Через какую дверь, Вооз не заметил. Но перед ним, там, где еще мгновением ранее была безликая стена, теперь образовался арочный проход. Пурпурная ткань реяла поперек него, слабо колыхалась, точно на ветру. Он подошел к ней, коснулся ткани — но это была не ткань. Осталось лишь ощущение чего-то шелковистого или, может, теплого масла на коже, а рука прошла насквозь.
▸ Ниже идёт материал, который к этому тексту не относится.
lemma scalar_map_of_form:
  assumes sc: "scalar_space K e" and nsD: "\<forall>D\<in>set Ds. nspace D"
    and mB: "multilin_form Ds B"
    and bd: "\<forall>zs\<in>prodcarr Ds. norm (B zs) \<le> C * (\<Prod>i<length Ds. vnorm (Ds ! i) (zs ! i))"
  shows "(\<lambda>zs. if zs \<in> prodcarr Ds then vscal K (B zs) e else undefined) \<in> mlL Ds K"
proof -
  define S where "S = (\<lambda>zs. if zs \<in> prodcarr Ds then vscal K (B zs) e else undefined)"
  have nsK: "nspace K" using banach_ns[OF scD_ban[OF sc]] .
  have eK: "e \<in> carr K" using scD_e[OF sc] .
  have "multilin Ds K S"
    unfolding multilin_def
  proof (intro ballI allI impI conjI)
    fix zs i y a
    assume zs: "zs \<in> prodcarr Ds" and i: "i < length Ds" and y: "y \<in> carr (Ds ! i)"
    have nsi: "nspace (Ds ! i)" using nsD i by simp
    have zi: "zs ! i \<in> carr (Ds ! i)" using prodcarr_nth[OF zs i] .
    have B: "B (zs[i := vplus (Ds ! i) (zs ! i) y]) = B zs + B (zs[i := y])"
      "B (zs[i := vscal (Ds ! i) a (zs ! i)]) = a * B zs"
      using mB zs i y unfolding multilin_form_def by blast+
    show "S (zs[i := vplus (Ds ! i) (zs ! i) y]) = vplus K (S zs) (S (zs[i := y]))"
      unfolding S_def using prodcarr_upd[OF zs i ns_plus[OF nsi zi y]] prodcarr_upd[OF zs i y] zs B
        ns_sadd[OF nsK eK] by simp
    show "S (zs[i := vscal (Ds ! i) a (zs ! i)]) = vscal K a (S zs)"
      unfolding S_def using prodcarr_upd[OF zs i ns_scal[OF nsi zi]] zs B ns_smul[OF nsK eK] by simp
  qed
  moreover have "\<forall>zs\<in>prodcarr Ds. vnorm K (S zs) \<le> C * (\<Prod>i<length Ds. vnorm (Ds ! i) (zs ! i))"
    using bd scD_nm[OF sc] by (simp add: S_def)
  moreover have "\<forall>zs\<in>prodcarr Ds. S zs \<in> carr K" using ns_scal[OF nsK eK] by (simp add: S_def)
  moreover have "\<forall>zs. zs \<notin> prodcarr Ds \<longrightarrow> S zs = undefined" by (simp add: S_def)
  ultimately have "S \<in> mlL Ds K" unfolding mlL_def by blast
  then show ?thesis unfolding S_def .
qed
Он смело устремился внутрь через экран и замер. Он попал в круглую палату, вроде первой, но меньше. Стены и выпуклый потолок были той же текстуры, что и в городе — Вооз сообразил, что это, верно, и в самом деле часть таинственного комплекса. Мебели в палате, однако, было больше, хотя о предназначении трех или четырех объектов на полу, похожих на застекленные шкафчики, он мог лишь догадываться.
На возвышении с подушками в центре комнаты восседал, скрестив ноги, еще один ибисоглавец. На первый взгляд — неотличимый от предыдущих. Но почему-то, созерцая его, Вооз исполнился трепета перед невероятной древностью и колоссальным опытом существа. Более того, встретившись взглядом с бесстрастными глазками-бусинками, он словно бы стал лужей, куда кто-то пренебрежительно опускает палец, и до самых тайных уголков его личности раскатилась по этой луже рябь, прежде чем отразиться. Сомнений не могло быть: чужак изучал его разум.
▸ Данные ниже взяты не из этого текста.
lemma subspace_scale_image_ideal:
  assumes "is_ideal Q"
  shows "subspace ((\<lambda>t. scale t x) ` Q)"
  unfolding subspace_def
proof (intro conjI ballI allI)
  show "0 \<in> (\<lambda>t. scale t x) ` Q"
    using is_ideal_0[OF assms] by (metis image_eqI scale_zero_left)
next
  fix y z assume "y \<in> (\<lambda>t. scale t x) ` Q" "z \<in> (\<lambda>t. scale t x) ` Q"
  then show "y + z \<in> (\<lambda>t. scale t x) ` Q"
    using is_ideal_add[OF assms] by (force simp flip: scale_left_distrib)
next
  fix c y assume "y \<in> (\<lambda>t. scale t x) ` Q"
  then show "scale c y \<in> (\<lambda>t. scale t x) ` Q"
    using is_ideal_mult_left[OF assms] by force
qed

lemma subset_F_closure:
  assumes "gabriel_topology F" and "subspace U"
  shows "U \<subseteq> F_closure F scale U"
proof
  fix u assume "u \<in> U"
  obtain a where "a \<in> F" using gabriel_topology_nonempty[OF assms(1)] by blast
  with \<open>u \<in> U\<close> show "u \<in> F_closure F scale U"
    unfolding F_closure_def using assms(2) subspace_scale by blast
qed

lemma subspace_F_closure:
  assumes F: "gabriel_topology F" and U: "subspace U"
  shows "subspace (F_closure F scale U)"
  unfolding subspace_def
proof (intro conjI ballI allI)
  show "0 \<in> F_closure F scale U" using subset_F_closure[OF F U] subspace_0[OF U] by blast
next
  fix x y assume "x \<in> F_closure F scale U" "y \<in> F_closure F scale U"
  then obtain a b where "a \<in> F" "\<forall>r\<in>a. scale r x \<in> U" "b \<in> F" "\<forall>r\<in>b. scale r y \<in> U"
    unfolding F_closure_def by blast
  then have "a \<inter> b \<in> F" "\<forall>r\<in>a \<inter> b. scale r (x + y) \<in> U"
    using gabriel_topology_Int[OF F] subspace_add[OF U] by (auto simp: scale_right_distrib)
  then show "x + y \<in> F_closure F scale U" unfolding F_closure_def by blast
next
  fix c x assume "x \<in> F_closure F scale U"
  then obtain a where "a \<in> F" "\<forall>r\<in>a. scale r x \<in> U" unfolding F_closure_def by blast
  then have "\<forall>r\<in>a. scale r (scale c x) \<in> U"
    using subspace_scale[OF U, of _ c] by (metis scale_left_commute)
  with \<open>a \<in> F\<close> show "scale c x \<in> F_closure F scale U" unfolding F_closure_def by blast
qed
— Войди же, маленький Червяк.
Снова прозвучало ненавистное ему имя, не последняя среди причин его мытарств по трущобам Корсара.
Голос казался звучным, властным, человеческим. И мужским. Немного странно было его тут услышать. Еще удивительней — осознать, что говорит этим голосом существо, чей изогнутый трубкообразный клюв явно не приспособлен к человеческой речи, да и голова создания не шевелится. Голос исходил из пустоты.
Вопреки иррациональной тревоге при отсылке к его детству Вооз почувствовал нарастающее возбуждение. Его принимают обитатели Мейрджайна, боги времени, как он уже привык их про себя называть! Он может задавать вопросы! Он так близок к ответам, которых жаждет!
— Итак, — начал он, — вы знаете наш язык?
— Или сделали так, чтоб ты научился понимать наш. Какая разница? Ближе подойди, Червяк. Не топчись там под дверью.
— Меня зовут Иоаким Вооз, — огрызнулся Вооз. Но повиновался, приблизившись. Голос хмыкнул.
— Агрессивная напористость в самозащите, как обычно для вашего вида. Отлично. Иоаким Вооз, если хочешь.
— А как мне называть тебя? — спросил Вооз.
— Я — это я. У меня нет нужды в имени. Тебе этот ответ ничего не напоминает?
— Нет.
— А должен бы. Сходным образом ответил ты однажды, будучи спрошен об имени твоего корабля.
— Но мы — не корабли.
— А ты? На что ты годен без своего корабля?
Существо, несомненно, знало о нем все. Ментальная оголенность рождала дискомфорт.
— У меня есть вопросы, — сказал Вооз. — Но ты уже знаешь, какие.
— У тебя есть вопросы. Но молчаливый дискурс неприемлем. Разум испытывает потребность в самовыражении.
Вооз подавил усмешку. Реплика была вполне достойна Мадриго. При этой мысли Вооз опустил руку в карман и выудил оттуда колоду столпничьих карт. Умело перебрал ее, пока не дошел до Царства Звездного, изображавшего обнаженную женщину, которая поливала землю из двух кувшинов. За ее спиной с вечнозеленого древа поднимался в воздух ибис.
Он протянул карту существу с Мейрджайна и показал на ней ибиса.
— Во-первых, — увлеченно начал он, — не вступал ли ваш вид в контакт с нашим давным-давно? Этой картинке много веков. Заметь, какая у птицы голова. Она символизирует бога всех наук. Возможно, это вы обучили нас началам...
Голос его оборвался. Ибисоглавец наклонился вперед и изучил карту.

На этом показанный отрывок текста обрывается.